• _RAW DATA_
lemma over_Nil[simp]: "over S []" by (simp add: over_def)

lemma over_Cons[simp]: "over S (x # w) \<longleftrightarrow> fst x \<in> S \<and> over S w"
  by (simp add: over_def)

lemma over_inv_word[simp]: "over S (inv_word w) \<longleftrightarrow> over S w"
  by (induction w) (auto simp: flip_letter_def)

lemma over_take: "over S w \<Longrightarrow> over S (take k w)"
  by (auto simp: over_def dest: in_set_takeD)

lemma over_nth: "over S w \<Longrightarrow> k < length w \<Longrightarrow> fst (w ! k) \<in> S"
  by (auto simp: over_def)

definition A_letter :: "'a set \<Rightarrow> 'a gen \<times> bool \<Rightarrow> bool" where
  "A_letter A c \<longleftrightarrow> (\<exists>b\<in>A. fst c = L b)"

locale cayley_complex =
  fixes A :: "'a set" and R :: "'a fword set" and phi :: "'a \<Rightarrow> 'a fword"
  assumes phi_over: "\<forall>b\<in>A. over A (phi b)" and R_over: "\<forall>r\<in>R. over A r"
begin

abbreviation "Rels \<equiv> relators A R phi"
abbreviation "cl \<equiv> cls A R phi"
abbreviation "Verts \<equiv> verts A R phi"
abbreviation "act \<equiv> gapp A R phi"
abbreviation "Gens \<equiv> gens A"

lemma cls_eqI: "geq Rels x y \<Longrightarrow> cl x = cl y"
  unfolding cls_def by (auto intro: geq.trans geq.sym)

lemma cls_self: "over Gens x \<Longrightarrow> x \<in> cl x"
  unfolding cls_def by (auto intro: geq.refl)
lemma rayleigh_minimizer_is_eigenvector:
  fixes s :: "'a::real_inner \<Rightarrow> 'a"
  assumes lin: "linear s" and sym: "\<And>x y. s x \<bullet> y = x \<bullet> s y"
    and sub: "subspace V" and inv: "\<And>v. v \<in> V \<Longrightarrow> s v \<in> V"
    and u: "u \<in> V" and lower: "\<And>y. y \<in> V \<Longrightarrow> \<mu> * (y \<bullet> y) \<le> y \<bullet> s y"
    and attained: "u \<bullet> s u = \<mu> * (u \<bullet> u)"
  shows "s u = \<mu> *\<^sub>R u"
proof -
  define r where "r = s u - \<mu> *\<^sub>R u"
  have r: "r \<in> V" using inv u sub by (simp add: r_def subspace_diff subspace_scale)
  \<comment> \<open>The form \<open>y \<bullet> s y - \<mu> * (y \<bullet> y)\<close> is nonnegative on \<open>V\<close> and vanishes at \<open>u\<close>,
      so its derivative at \<open>u\<close> in the direction \<open>r\<close>, namely \<open>2 * (r \<bullet> r)\<close>, vanishes.\<close>
  have "0 \<le> (2 * (r \<bullet> r)) * t + (r \<bullet> s r - \<mu> * (r \<bullet> r)) * t\<^sup>2" for t
  proof -
    have "u + t *\<^sub>R r \<in> V" using u r sub by (simp add: subspace_add subspace_scale)
    then have "\<mu> * ((u + t *\<^sub>R r) \<bullet> (u + t *\<^sub>R r)) \<le> (u + t *\<^sub>R r) \<bullet> s (u + t *\<^sub>R r)"
      by (rule lower)
    then have "0 \<le> (u + t *\<^sub>R r) \<bullet> s (u + t *\<^sub>R r) - \<mu> * ((u + t *\<^sub>R r) \<bullet> (u + t *\<^sub>R r))"
      by simp
    also have "\<dots> = (u \<bullet> s u - \<mu> * (u \<bullet> u)) + (2 * (r \<bullet> (s u - \<mu> *\<^sub>R u))) * t
        + (r \<bullet> s r - \<mu> * (r \<bullet> r)) * t\<^sup>2"
    proof -
      have "s (u + t *\<^sub>R r) = s u + t *\<^sub>R s r"
        by (simp add: linear_add[OF lin] linear_scale[OF lin])
      moreover have "u \<bullet> s r = r \<bullet> s u"
        using sym[of r u] by (simp add: inner_commute)
      ultimately show ?thesis
        by (simp add: inner_add_left inner_add_right inner_diff_right inner_commute[of u r]
            power2_eq_square algebra_simps)
    qed
    also have "\<dots> = (2 * (r \<bullet> r)) * t + (r \<bullet> s r - \<mu> * (r \<bullet> r)) * t\<^sup>2"
      using attained by (simp add: r_def[symmetric])
    finally show ?thesis .
  qed
  then have "2 * (r \<bullet> r) = 0" by (rule linear_coeff_eq_0_if_quadratic_nonneg)
  then show ?thesis by (simp add: r_def)
qed

lemma self_adjoint_min_eigenpair:
  fixes s :: "'a::euclidean_space \<Rightarrow> 'a"
  assumes lin: "linear s" and sym: "\<And>x y. s x \<bullet> y = x \<bullet> s y"
    and sub: "subspace V" and inv: "\<And>v. v \<in> V \<Longrightarrow> s v \<in> V" and nontriv: "V \<noteq> {0}"
  obtains u \<mu> where "u \<in> V" "u \<noteq> 0" "s u = \<mu> *\<^sub>R u"
    and "\<And>y. y \<in> V \<Longrightarrow> \<mu> * (y \<bullet> y) \<le> y \<bullet> s y"
proof -
  obtain u where u: "u \<in> V" "norm u = 1"
    and lower: "\<And>y. y \<in> V \<Longrightarrow> (u \<bullet> s u) * (y \<bullet> y) \<le> y \<bullet> s y"
    using rayleigh_min_on_subspace[OF lin sub nontriv] by blast
  have "u \<bullet> s u = (u \<bullet> s u) * (u \<bullet> u)"
    using u by (simp add: dot_square_norm)
  then have "s u = (u \<bullet> s u) *\<^sub>R u"
    using rayleigh_minimizer_is_eigenvector[OF lin sym sub inv u(1) lower] by blast
  moreover have "u \<noteq> 0" using u by auto
  ultimately show ?thesis using that u lower by blast
qed

lemma finite_eigvals:
  fixes S :: "real^'n^'n"
  assumes sym: "transpose S = S"
  shows "finite (eigvals S)"
proof -
  define ev where "ev \<mu> = (SOME v. v \<noteq> 0 \<and> S *v v = \<mu> *\<^sub>R v)" for \<mu>
  have ev: "ev \<mu> \<noteq> 0 \<and> S *v ev \<mu> = \<mu> *\<^sub>R ev \<mu>" if "\<mu> \<in> eigvals S" for \<mu>
    using that unfolding eigvals_def ev_def by (metis (mono_tags, lifting) mem_Collect_eq someI_ex)
  have orth: "ev \<mu> \<bullet> ev \<nu> = 0" if "\<mu> \<in> eigvals S" "\<nu> \<in> eigvals S" "\<mu> \<noteq> \<nu>" for \<mu> \<nu>
  proof -
    have "\<mu> * (ev \<mu> \<bullet> ev \<nu>) = (S *v ev \<mu>) \<bullet> ev \<nu>" using ev[OF that(1)] by simp
    also have "\<dots> = ev \<mu> \<bullet> (S *v ev \<nu>)" by (rule symmetric_matrix_inner[OF sym])
    also have "\<dots> = \<nu> * (ev \<mu> \<bullet> ev \<nu>)" using ev[OF that(2)] by simp
    finally show ?thesis using that(3) by simp
  qed
  have "inj_on ev (eigvals S)"
    by (rule inj_onI) (metis ev orth inner_eq_zero_iff)
  moreover have "independent (ev ` eigvals S)"
  proof (rule pairwise_orthogonal_independent)
    show "pairwise orthogonal (ev ` eigvals S)"
      unfolding pairwise_def orthogonal_def using orth by (metis imageE)
    show "0 \<notin> ev ` eigvals S" using ev by auto
  qed
  then have "finite (ev ` eigvals S)" using independent_bound by blast
  ultimately show ?thesis using finite_imageD by blast
qed

lemma symmetric_max_eigenpair:
  fixes S :: "real^'n^'n"
  assumes sym: "transpose S = S"
  obtains \<mu> where "\<mu> \<in> eigvals S" "\<And>x. x \<bullet> (S *v x) \<le> \<mu> * (x \<bullet> x)"
proof -
  have "linear (\<lambda>x. - (S *v x))" by (simp add: linear_compose_neg)
  moreover have "(- (S *v x)) \<bullet> y = x \<bullet> (- (S *v y))" for x y
    using symmetric_matrix_inner[OF sym] by simp
  ultimately obtain u \<mu> where u: "u \<noteq> 0" "- (S *v u) = \<mu> *\<^sub>R u"
    and lower: "\<And>y. \<mu> * (y \<bullet> y) \<le> y \<bullet> - (S *v y)"
    using self_adjoint_min_eigenpair[of "\<lambda>x. - (S *v x)" UNIV] UNIV_not_singleton[of 0]
    by (metis UNIV_I subspace_UNIV)
  have "S *v u = (- \<mu>) *\<^sub>R u" using u(2) by (metis minus_minus scaleR_minus_left)
  then have "- \<mu> \<in> eigvals S" using u by (auto simp: eigvals_def)
  moreover have "x \<bullet> (S *v x) \<le> - \<mu> * (x \<bullet> x)" for x
    using lower[of x] by simp
  ultimately show ?thesis by (rule that)
qed

lemma rho_eq_max_eigenvalue:
  fixes S :: "real^'n^'n"
  assumes sym: "transpose S = S" and \<mu>: "\<mu> \<in> eigvals S"
    and upper: "\<And>x. x \<bullet> (S *v x) \<le> \<mu> * (x \<bullet> x)"
  shows "rho S = \<mu>"
  unfolding rho_def
proof (rule Max_eqI[OF finite_eigvals[OF sym] _ \<mu>])
  fix \<nu> assume "\<nu> \<in> eigvals S"
  then obtain v where v: "v \<noteq> 0" "S *v v = \<nu> *\<^sub>R v" by (auto simp: eigvals_def)
  then have "\<nu> * (v \<bullet> v) \<le> \<mu> * (v \<bullet> v)" using upper[of v] by simp
  then show "\<nu> \<le> \<mu>" using v by simp
qed

lemma rho_in_eigvals:
  fixes S :: "real^'n^'n"
  assumes "transpose S = S"
  shows "rho S \<in> eigvals S"
  by (metis assms rho_eq_max_eigenvalue symmetric_max_eigenpair)

lemma inner_le_rho:
  fixes S :: "real^'n^'n"
  assumes "transpose S = S"
  shows "x \<bullet> (S *v x) \<le> rho S * (x \<bullet> x)"
  by (metis assms rho_eq_max_eigenvalue symmetric_max_eigenpair)

lemma eigval_le_rho:
  fixes S :: "real^'n^'n"
  assumes "transpose S = S" "\<nu> \<in> eigvals S"
  shows "\<nu> \<le> rho S"
  unfolding rho_def by (rule Max_ge[OF finite_eigvals assms(2)]) (rule assms(1))

lemma rho_nonneg:
  fixes S :: "real^'n^'n"
  assumes sym: "transpose S = S" and psd: "\<And>v. 0 \<le> v \<bullet> (S *v v)"
  shows "0 \<le> rho S"
proof -
  obtain v where v: "v \<noteq> 0" "S *v v = rho S *\<^sub>R v"
    using rho_in_eigvals[OF sym] by (auto simp: eigvals_def)
  then have "0 \<le> rho S * (v \<bullet> v)" using psd[of v] by simp
  then show ?thesis using v by (metis inner_gt_zero_iff zero_le_mult_iff not_le)
qed

lemma inner_matrix_square:
  fixes S :: "real^'n^'n"
  assumes sym: "transpose S = S"
  shows "x \<bullet> ((S ** S) *v x) = (norm (S *v x))\<^sup>2"
  by (simp add: symmetric_matrix_inner[OF sym] matrix_vector_mul_assoc[symmetric]
      power2_norm_eq_inner)

lemma norm_matrix_vector_sq_le:
  fixes S :: "real^'n^'n"
  assumes sym: "transpose S = S"
  shows "(norm (S *v x))\<^sup>2 \<le> rho (S ** S) * (norm x)\<^sup>2"
proof -
  have "transpose (S ** S) = S ** S" by (simp add: matrix_transpose_mul sym)
  then have "x \<bullet> ((S ** S) *v x) \<le> rho (S ** S) * (x \<bullet> x)" by (rule inner_le_rho)
  then show ?thesis by (simp add: inner_matrix_square[OF sym] dot_square_norm)
qed

lemma rho_square_le:
  fixes S :: "real^'n^'n"
  assumes sym: "transpose S = S" and psd: "\<And>v. 0 \<le> v \<bullet> (S *v v)"
  shows "rho (S ** S) \<le> (rho S)\<^sup>2"
proof -
  have sym2: "transpose (S ** S) = S ** S" by (simp add: matrix_transpose_mul sym)
  obtain v where v: "v \<noteq> 0" "(S ** S) *v v = rho (S ** S) *\<^sub>R v"
    using rho_in_eigvals[OF sym2] by (auto simp: eigvals_def)
  have "0 \<le> rho (S ** S)"
    by (rule rho_nonneg[OF sym2]) (simp add: inner_matrix_square[OF sym])
  define r where "r = sqrt (rho (S ** S))"
  have r: "0 \<le> r" "r * r = rho (S ** S)"
    using \<open>0 \<le> rho (S ** S)\<close> by (simp_all add: r_def)
  \<comment> \<open>\<open>S\<^sup>2 v = r\<^sup>2 v\<close> factors as \<open>(S - r) (S + r) v = 0\<close>.\<close>
  define w where "w = S *v v + r *\<^sub>R v"
  have "S *v w = (S ** S) *v v + r *\<^sub>R (S *v v)"
    by (simp add: w_def matrix_vector_right_distrib matrix_vector_mult_scaleR
        matrix_vector_mul_assoc)
  also have "\<dots> = r *\<^sub>R w"
    using v(2) r(2) by (simp add: w_def scaleR_add_right add.commute)
  finally have Sw: "S *v w = r *\<^sub>R w" .
  have "r \<le> rho S"
  proof (cases "w = 0")
    case False
    then show ?thesis using Sw by (intro eigval_le_rho[OF sym]) (auto simp: eigvals_def)
  next
    case True
    then have "S *v v = - r *\<^sub>R v" by (simp add: w_def eq_neg_iff_add_eq_0)
    then have "0 \<le> - r * (v \<bullet> v)" using psd[of v] by simp
    moreover have "0 < v \<bullet> v" using v by simp
    ultimately have "r \<le> 0" by (simp add: zero_le_mult_iff mult_le_0_iff)
    then show ?thesis using r rho_nonneg[OF sym psd] by simp
  qed
  then have "r * r \<le> rho S * rho S"
    using r(1) by (intro mult_mono) auto
  then show ?thesis using r(2) by (simp add: power2_eq_square)
qed
lemma generator_component_le: "q \<in> P \<Longrightarrow> \<bar>(q *v w + f q) $ i\<bar> \<le> K * l1norm w + F"
  using mult_vec_component_le[of q w i] abs_component_le_l1norm[of "f q" i] f_bound[of q] by simp

lemma genQ_component_ge: "q \<in> P \<Longrightarrow> (q *v w + f q) $ i \<le> genQ P f w $ i"
  unfolding genQ_def vsup_component
  using generator_component_le abs_le_iff by (intro cSUP_upper bdd_aboveI2) blast+

lemma S_q_component_dist:
  assumes "q \<in> P" "0 \<le> s" "s \<le> 1" "l1norm w \<le> R"
  shows "\<bar>S_q q (f q) s w $ i - w $ i\<bar> \<le> s * step_bound R"
proof -
  have R: "0 \<le> R" using assms(4) l1norm_nonneg order_trans by blast
  have "\<bar>(q *v w + f q) $ i\<bar> \<le> K * R + F"
    using generator_component_le[OF assms(1), of w i] mult_left_mono[OF assms(4) K_nonneg]
    by linarith
  then have "\<bar>s * (q *v w + f q) $ i\<bar> \<le> s * (K * R + F)"
    using assms(2) by (simp add: abs_mult mult_left_mono)
  moreover have "s\<^sup>2 * remainder_bound R \<le> s * remainder_bound R"
    using assms(2,3) remainder_bound_nonneg[OF R]
    by (intro mult_right_mono) (auto simp: power2_eq_square mult_left_le_one_le)
  moreover note S_q_component_remainder[OF assms, of i]
  ultimately show ?thesis
    by (simp add: step_bound_def distrib_left)
qed

lemma bdd_above_S_q_component:
  assumes "0 \<le> s" "s \<le> 1"
  shows "bdd_above ((\<lambda>q. S_q q (f q) s w $ i) ` P)"
proof (rule bdd_aboveI2)
  fix q assume "q \<in> P"
  from S_q_component_dist[OF this assms order_refl, of w i]
  show "S_q q (f q) s w $ i \<le> w $ i + s * step_bound (l1norm w)"
    by (simp add: abs_le_iff)
qed

lemma S_q_component_le_E_h:
  assumes "q \<in> P" "0 \<le> s" "s \<le> 1"
  shows "S_q q (f q) s w $ i \<le> E_h P f s w $ i"
  unfolding E_h_def vsup_component using assms(1) bdd_above_S_q_component[OF assms(2,3)]
  by (rule cSUP_upper)
lemma tinv_in_V_and_tmap_tinv:
  assumes "(H, X) \<in> Dminus n"
  shows "tinv (H, X) \<in> V n \<and> tmap (tinv (H, X)) = (H, X)"
proof -
  define h where "h = pt_ht H X"
  from assms have ud: "ups H = n" "downs H = n" and XH: "X \<le> length H" and neg: "h < 0"
    unfolding Dminus_def D_def h_def by auto
  have htH: "ht H = 0"
    using ud by (simp add: ht_eq_0_iff)
  define m where "m = first_reach H h"
  define e where "e = settle_pt H X h"
  have mX: "m \<le> X" and hm: "pt_ht H m = h" and above_m: "\<And>k. k < m \<Longrightarrow> h < pt_ht H k"
    using first_reach[of H X h] neg by (simp_all add: m_def h_def)
  have Xe: "X \<le> e" and eH: "e \<le> length H" and he: "pt_ht H e = h"
    and above_e: "\<And>j. e \<le> j \<Longrightarrow> h \<le> pt_ht H j" and up: "X < e \<Longrightarrow> H ! (e - 1)"
    using settle_pt[of X H h] XH neg htH by (simp_all add: e_def h_def)
  define L where "L = take m H"
  define A where "A = drop m (take X H)"
  define B where "B = drop X (take e H)"
  define R where "R = drop e H"
  define C where "C = L @ R"
  have H: "H = L @ A @ B @ R"
    unfolding L_def A_def B_def R_def using mX Xe
    by (metis append.assoc append_take_drop_id min.absorb1 take_take)
  have lL: "length L = m" and lA: "length A = X - m" and lB: "length B = e - X"
    using mX Xe eH XH by (simp_all add: L_def A_def B_def)
  have htL: "ht L = h"
    using hm by (simp add: L_def pt_ht_def)
  have bal: "ht A = 0" "ht B = 0"
    using ht_drop_take[OF mX, of H] ht_drop_take[OF Xe, of H] hm he
    by (simp_all add: A_def B_def h_def)
  have "ht C = 0"
    using htH htL bal by (simp add: C_def H)
  moreover have "ups A + ups B + ups C = n"
    using ud(1) by (simp add: H C_def)
  ultimately have "(A, B, C) \<in> T n"
    using bal unfolding T_def by (auto simp: ht_eq_0_iff)
  moreover have "\<exists>k \<le> length C. pt_ht C k < 0"
    using hm neg pt_ht_splice_left[of m L A B R] lL
    by (intro exI[of _ m]) (simp add: C_def H[symmetric])
  moreover have "B = [] \<or> last B"
    using up eH lB by (cases "X < e") (auto simp: B_def last_conv_nth)
  moreover have "cut_pt C = m"
    unfolding C_def lL[symmetric]
  proof (rule cut_pt_splice[OF bal])
    show "ht L < pt_ht (L @ A @ B @ R) k" if "k < length L" for k
      using above_m[of k] that by (simp add: H[symmetric] htL lL)
    show "ht L \<le> pt_ht (L @ A @ B @ R) j" if "length L + length A + length B \<le> j" for j
      using above_e[of j] that mX Xe by (simp add: H[symmetric] htL lL lA lB)
  qed
  moreover have "tinv (H, X) = (A, B, C)"
    unfolding tinv_def by (simp add: Let_def A_def B_def C_def L_def R_def m_def e_def h_def)
  ultimately show ?thesis
    using lL lA mX unfolding V_def tmap_def by (simp add: C_def Let_def H[symmetric])
qed

theorem lemma3:
  fixes n :: nat
  assumes "0 < n"
  shows "bij_betw tmap (V n) (Dminus n)"
proof (rule bij_betw_byWitness[where f' = tinv])
  show "\<forall>x\<in>V n. tinv (tmap x) = x" "tmap ` V n \<subseteq> Dminus n"
    using tmap_in_Dminus_and_tinv_tmap by force+
  show "\<forall>y\<in>Dminus n. tmap (tinv y) = y" "tinv ` Dminus n \<subseteq> V n"
    using tinv_in_V_and_tmap_tinv by force+
qed

end
lemma nn_integral_inner_bound:
  fixes a c d x :: real
  assumes c: "-1 < c" "c \<le> 0" and d: "-1 < d" "d \<le> 0" and a: "-1 < a" "a \<le> 0"
    and ca: "c + a < -1" and da: "d + a < -1" and dda: "0 < 2*d + a + 2" and x: "0 < x"
  shows "(\<integral>\<^sup>+u\<in>{0..}. ennreal (u powr c * \<bar>x - u\<bar> powr a) \<partial>lborel)
      * (\<integral>\<^sup>+y\<in>{0..x}. ennreal (y powr d) * (\<integral>\<^sup>+v\<in>{0..}. ennreal (v powr d * \<bar>y - v\<bar> powr a) \<partial>lborel) \<partial>lborel)
    \<le> ennreal (beta_const c a * beta_const d a / (2*d + a + 2) * x powr (c + 2*d + 2*a + 3))"
proof -
  define U where "U = beta_const c a * x powr (c + a + 1)"
  define B where "B = beta_const d a"
  define Y where "Y = x powr (2*d + a + 2) / (2*d + a + 2)"
  have UBY: "0 \<le> U" "0 \<le> B" "0 \<le> Y"
    unfolding U_def B_def Y_def using beta_const_pos[OF c(1) a(1) ca] beta_const_pos[OF d(1) a(1) da] dda
    by simp_all
  have "(\<integral>\<^sup>+u\<in>{0..}. ennreal (u powr c * \<bar>x - u\<bar> powr a) \<partial>lborel)
      * (\<integral>\<^sup>+y\<in>{0..x}. ennreal (y powr d) * (\<integral>\<^sup>+v\<in>{0..}. ennreal (v powr d * \<bar>y - v\<bar> powr a) \<partial>lborel) \<partial>lborel)
    \<le> ennreal U * (ennreal B * ennreal Y)"
    unfolding U_def B_def Y_def using assms by (intro mult_mono nn_integral_yv_bound nn_integral_beta_kernel) auto
  also have "\<dots> = ennreal (U * (B * Y))"
    using UBY by (simp add: ennreal_mult)
  also have "U * (B * Y) = beta_const c a * B / (2*d + a + 2) * x powr (c + 2*d + 2*a + 3)"
  proof -
    have "x powr (c + a + 1) * x powr (2*d + a + 2) = x powr (c + 2*d + 2*a + 3)"
      by (simp add: powr_add[symmetric] algebra_simps)
    then show ?thesis
      unfolding U_def Y_def by (simp add: field_simps)
  qed
  finally show ?thesis unfolding B_def .
qed

definition cube :: "real \<Rightarrow> (real \<times> real \<times> real \<times> real) set" where
  "cube T = {1/T..1} \<times> {1/T..1} \<times> {1/T..1} \<times> {1/T..1}"

lemma cube_measurable [measurable]: "cube T \<in> sets borel4"
  unfolding cube_def by (intro pair_measureI) auto

lemma fbm_kernel_measurable [measurable]: "(\<lambda>p. ennreal (fbm_kernel H p)) \<in> borel_measurable borel4"
  unfolding fbm_kernel_def fbm_cov_def case_prod_beta by measurable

• _TASK GOAL_
Would you please write out, exactly and with no other lines, the stretch of the listing above from the line containing "using assms(2) by" through the line containing "by (intro mult_right_mono)"?

• _THE COMPLETED TASK_
    using assms(2) by (simp add: abs_mult mult_left_mono)
  moreover have "s\<^sup>2 * remainder_bound R \<le> s * remainder_bound R"
    using assms(2,3) remainder_bound_nonneg[OF R]
    by (intro mult_right_mono) (auto simp: power2_eq_square mult_left_le_one_le)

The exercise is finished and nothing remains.